◆ What this task involves:
Say how many lines in the following data hold the word "forall". Write nothing but that number.

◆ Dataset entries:

※

(* Let $G=(V,E)$ be a computation graph with $n=|V|$ vertices, and let $M$ be the fast-memory size. Let $J^*_G$ be the minimum number of non-trivial I/Os over all valid evaluations of $G$, let $\mathcal{O}_G$ be the set of topological evaluation orders of $G$, and for $X\in\mathcal{O}_G$ let $\mathcal{P}_X$ be the set of partitions of $V$ into parts that are each contiguous in the order $X$. Then $$J^*_G \;\geq\; \min_{X \in \mathcal{O}_G}\ \max_{P \in \mathcal{P}_X} \left( \sum_{S \in P}\ \sum_{(u,v) \in \partial S} \frac{1}{d_{out}(u)} \;-\; 2M |P| \right).$$
   Context: A computation graph is a finite directed acyclic graph $G=(V,E)$. Each vertex is an operation producing a single element, and an edge $(u,v)$ means the result of $u$ is an operand of $v$. Sources are the inputs and sinks are the outputs. Execution model: a single processor has a fast memory holding at most $M$ elements and an unbounded slow memory. Every vertex is evaluated exactly once (no recomputation), in an order that is topological with respect to $G$. To evaluate $v$, all parents of $v$ must be in fast memory; a parent not present must be read from slow memory. The eviction policy is unconstrained, but a value that is evicted while still needed by a later vertex must first be written to slow memory. Only non-trivial I/O is counted. Inputs can be placed directly into fast memory at no cost, and outputs are reported immediately at no cost when computed. However, an input that is evicted while still needed must be written to slow memory. Each transfer of one element from fast to slow memory or from slow to fast memory counts as one I/O. $d_{out}(u)$ is the out-degree of $u$ in $G$. For $S\subseteq V$, $\partial S$ is the set of edges $(u,v)\in E$ with exactly one endpoint in $S$. *)

theory Defs
  imports Complex_Main
begin

definition comp_graph :: "'a set \<Rightarrow> ('a \<times> 'a) set \<Rightarrow> bool" where
  "comp_graph V E \<longleftrightarrow> finite V \<and> E \<subseteq> V \<times> V \<and> acyclic E"

definition d_out :: "('a \<times> 'a) set \<Rightarrow> 'a \<Rightarrow> nat" where
  "d_out E u = card {v. (u, v) \<in> E}"

definition boundary :: "('a \<times> 'a) set \<Rightarrow> 'a set \<Rightarrow> ('a \<times> 'a) set" where
  "boundary E S = {(u, v) \<in> E. (u \<in> S) \<noteq> (v \<in> S)}"

section \<open>Execution model (red-blue pebbling without recomputation)\<close>

datatype 'a io_op = Compute 'a | Read 'a | Write 'a | Evict 'a

text \<open>State: (fast memory, slow memory, set of already evaluated vertices).\<close>
type_synonym 'a mstate = "'a set \<times> 'a set \<times> 'a set"

fun step :: "'a set \<Rightarrow> ('a \<times> 'a) set \<Rightarrow> nat \<Rightarrow> 'a mstate \<Rightarrow> 'a io_op \<Rightarrow> 'a mstate option" where
  "step V E M (F, Sl, C) (Compute v) =
     (if v \<in> V \<and> v \<notin> C \<and> (\<forall>u. (u, v) \<in> E \<longrightarrow> u \<in> F) \<and> card (insert v F) \<le> M
      then Some (insert v F, Sl, insert v C) else None)"
| "step V E M (F, Sl, C) (Read v) =
     (if v \<in> Sl \<and> card (insert v F) \<le> M then Some (insert v F, Sl, C) else None)"
| "step V E M (F, Sl, C) (Write v) =
     (if v \<in> F then Some (F, insert v Sl, C) else None)"
| "step V E M (F, Sl, C) (Evict v) =
     (if v \<in> F \<and> (v \<in> Sl \<or> (\<forall>w. (v, w) \<in> E \<longrightarrow> w \<in> C))
      then Some (F - {v}, Sl, C) else None)"

fun run :: "'a set \<Rightarrow> ('a \<times> 'a) set \<Rightarrow> nat \<Rightarrow> 'a mstate \<Rightarrow> 'a io_op list \<Rightarrow> 'a mstate option" where
  "run V E M s [] = Some s"
| "run V E M s (op # ops) =
     (case step V E M s op of None \<Rightarrow> None | Some s' \<Rightarrow> run V E M s' ops)"

text \<open>A valid evaluation: starts with empty memories, every step legal, and at the
  end every vertex has been evaluated (each exactly once, since Compute requires
  the vertex not yet evaluated).\<close>
definition valid_evaluation :: "'a set \<Rightarrow> ('a \<times> 'a) set \<Rightarrow> nat \<Rightarrow> 'a io_op list \<Rightarrow> bool" where
  "valid_evaluation V E M ops \<longleftrightarrow>
     (\<exists>F Sl. run V E M ({}, {}, {}) ops = Some (F, Sl, V))"

fun is_io :: "'a io_op \<Rightarrow> bool" where
  "is_io (Read _) = True"
| "is_io (Write _) = True"
| "is_io _ = False"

※

◆ Response area:
2